SAP instances, HTTP, BO, SAP DS and etc are connect to HDB via [10.X.X.50 / hanatest]

During any unplanned outage/ Disaster, [10.X.X.50 / hanatest] will be unbind from primary host and bind to Secondary Physical Host.

And below are the steps on mapping virtual IP [10.X.X.50] to its MAC address in Linux:

1) Bind virtual ip (10.X.X.50) to Primary Physical Host

primary1:/etc/init.d # ifconfig eth0:0 10.X.X.50 netmask 255.255.255.0 broadcast 10.X.X.255 up

2) Check eth0 entry:

primary1:~ # ifconfig

eth0 Link encap:Ethernet HWaddr XX:XX:XX:XX:XX:C2

inet addr:10.XX.XX.21 Bcast:10.XX.XX.255 Mask:255.255.255.0

eth0:0 Link encap:Ethernet HWaddr XX:XX:XX:XX:XX:C2

inet addr:10.XX.XX.50 Bcast:10.XX.XX.255 Mask:255.255.255.0

UP BROADCAST RUNNING MULTICAST MTU:1500 Metric:1

3) Ping hanatest and it is resolvable.

PING hanatest (10.XX.XX.50) 56(84) bytes of data.

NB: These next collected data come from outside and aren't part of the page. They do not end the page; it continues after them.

lemma Union_Int_disjoint_part:
  assumes F: "F \<subseteq> SS \<union> TT" and SS: "\<Union>SS \<subseteq> S" and TT: "\<Union>TT \<inter> S = {}"
  shows "\<Union>F \<inter> S = \<Union>(F \<inter> SS)"
proof -
  have "\<Union>F = \<Union>(F \<inter> SS) \<union> \<Union>(F \<inter> TT)" using F by blast
  moreover have "\<Union>(F \<inter> TT) \<inter> S = {}" using TT by blast
  moreover have "\<Union>(F \<inter> SS) \<subseteq> S" using SS by blast
  ultimately show ?thesis by blast
qed

lemma coarsens_Un_traces:
  assumes co: "coarsens U (SS \<union> TT)" and SS: "\<Union>SS \<subseteq> S" and TT: "\<Union>TT \<inter> S = {}"
  shows "\<Union>U \<inter> S = \<Union>SS" and "\<forall>C\<in>U. \<exists>F\<subseteq>SS. C \<inter> S = \<Union>F"
proof -
  have "\<Union>U = \<Union>(SS \<union> TT)" using co unfolding coarsens_def by simp
  then have "\<Union>U \<inter> S = \<Union>((SS \<union> TT) \<inter> SS)" using Union_Int_disjoint_part[OF order_refl SS TT] by simp
  then show "\<Union>U \<inter> S = \<Union>SS" by (simp add: Int_absorb1)
  show "\<forall>C\<in>U. \<exists>F\<subseteq>SS. C \<inter> S = \<Union>F"
  proof
    fix C assume "C \<in> U"
    then have "\<exists>F\<subseteq>SS \<union> TT. C = \<Union>F" using co unfolding coarsens_def by blast
    then obtain F where F: "F \<subseteq> SS \<union> TT" and C: "C = \<Union>F" by blast
    then have "C \<inter> S = \<Union>(F \<inter> SS)" using Union_Int_disjoint_part[OF F SS TT] by simp
    then show "\<exists>F\<subseteq>SS. C \<inter> S = \<Union>F" by blast
  qed
qed
lemma W_le_initial_bound:
  assumes c: "c \<ge> 0" and init: "\<And>y. (y, 0) \<in> \<Omega> \<Longrightarrow> U (y, 0) < 0 \<Longrightarrow> W (y, 0) \<le> c"
    and q0: "q0 \<in> \<Omega>" "U q0 < 0"
  shows "W q0 \<le> c"
proof (rule ccontr)
  assume "\<not> W q0 \<le> c"
  then have W0: "W q0 > c" by simp
  have init': "W q \<le> c" if "q \<in> \<Omega>" "U q < 0" "snd q = 0" for q
  proof -
    have "q = (fst q, 0)"
      using that(3) by (simp add: prod_eq_iff)
    then show ?thesis
      using init[of "fst q"] that(1,2) by metis
  qed
  define t0 where "t0 = snd q0"
  have "t0 \<noteq> 0"
    using init'[OF q0] W0 unfolding t0_def by auto
  then have t0: "t0 > 0"
    using time_nonneg[OF q0(1)] unfolding t0_def by simp
  \<comment> \<open>\<open>\<delta>\<close> lies halfway between \<open>c\<close> and \<open>W q0\<close>, so the maximiser of \<open>W - \<epsilon> t\<close> is not initial.\<close>
  define \<epsilon> where "\<epsilon> = (W q0 - c) / (2 * t0)"
  define \<delta> where "\<delta> = W q0 - \<epsilon> * t0"
  have \<epsilon>: "\<epsilon> > 0"
    using W0 t0 unfolding \<epsilon>_def by simp
  have "\<delta> = (W q0 + c) / 2"
    using t0 unfolding \<delta>_def \<epsilon>_def by (simp add: field_simps)
  then have \<delta>: "\<delta> > c" "\<delta> > 0"
    using W0 c by simp_all
  let ?K = "penalized_superlevel t0 \<epsilon> \<delta>"
  have "q0 \<in> ?K"
    using q0 unfolding penalized_superlevel_def \<delta>_def t0_def by simp
  then obtain qs where qs: "qs \<in> ?K" and qs_max: "\<And>y. y \<in> ?K \<Longrightarrow> W y - \<epsilon> * snd y \<le> W qs - \<epsilon> * snd qs"
    using penalized_max_exists[OF less_imp_le[OF t0] less_imp_le[OF \<epsilon>] \<delta>(2)] by blast
  have Uqs: "U qs < 0"
    using U_negative_on_penalized_superlevel[OF less_imp_le[OF \<epsilon>] \<delta>(2) qs] .
  have qs': "qs \<in> \<Omega>" "\<delta> \<le> W qs - \<epsilon> * snd qs"
    using qs unfolding penalized_superlevel_def by auto
  have "snd qs \<noteq> 0"
  proof
    assume "snd qs = 0"
    with init'[OF qs'(1) Uqs] have "W qs \<le> c" .
    with qs'(2) \<open>snd qs = 0\<close> \<delta>(1) show False
      by simp
  qed
  then have "qs \<in> positive_times"
    using \<open>qs \<in> \<Omega>\<close> time_nonneg[of qs] unfolding positive_times_def by simp
  then show False
    using no_interior_max_on_penalized_superlevel[OF \<epsilon> \<delta>(2) qs] qs_max by blast
qed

64 bytes from hanatest (10.XX.XX.50): icmp_seq=1 ttl=64 time=0.028 ms

64 bytes from hanatest (10.XX.XX.50): icmp_seq=2 ttl=64 time=0.038 ms

64 bytes from hanatest (10.XX.XX.50): icmp_seq=3 ttl=64 time=0.024 ms

4) For all HDBs' clients, connect using virtual hostname [hanatest]

a) SAP - hdbuserstore:

sidadm 52> hdbuserstore list

DATA FILE : /home/sidadm/.hdb/XX/SSFS_HDB.DAT

KEY DEFAULT

ENV : hanatest:30515

USER: SAPSID

Login to SAP, and you'll see DBHOST is pointed to primary1

In DBACOCKPIT -> DB CONNECTION -> Ensure virtual host is used:

b) HANA Studio:

Sevices are running on Physical Host primary1

c) ODBC - connect using virtula host

d) HTTP - xsengine

http://hanatest:8005/

http://hanatest:8005/sap/hana/xs/admin

------------------Unplanned outage *DISASTER*:--------------------------------------------

During Disaster. we will:

i) Ensure primary HDB is down and not accessibile to avoid any split-brain

ii) Unbind virtual ip [10.X.X.50] currently binding to Primary Physical Host. in ifconfig, eth0:0 should not visible after you execute below command.

primary1:~ # ifconfig eth0:0 10.XX.XX.50 down

iii) clear ARP cache in client [optional]

iv) initiate -sr_takeover and wait HDB on secondary to be up and ready

v) Once HDB on secondary host is up and running, bind virtual ip [10.X.X.50] to Secondary Physical Host

secondary2:/etc/init.d # ifconfig eth0:0 10.XX.XX.50 netmask 255.255.255.0 broadcast 10.XX.XX.255 up

secondary2:~ # ifconfig

eth0 Link encap:Ethernet HWaddr XX:XX:XX:XX:XX:C8

inet addr:10.XX.XX.21 Bcast:10.XX.XX.255 Mask:255.255.255.0

UP BROADCAST RUNNING MULTICAST MTU:1500 Metric:1

eth0:0 Link encap:Ethernet HWaddr XX:XX:XX:XX:XX:C8

inet addr:10.XX.XX.50 Bcast:10.XX.XX.255 Mask:255.255.255.0

UP BROADCAST RUNNING MULTICAST MTU:1500 Metric:1 10)

vi) Ping hanatest and it is resolvable. virtual host [hanatest] is currently bind to Secondary Physical Host - secondary2

PING hanatest (10.XX.XX.50) 56(84) bytes of data.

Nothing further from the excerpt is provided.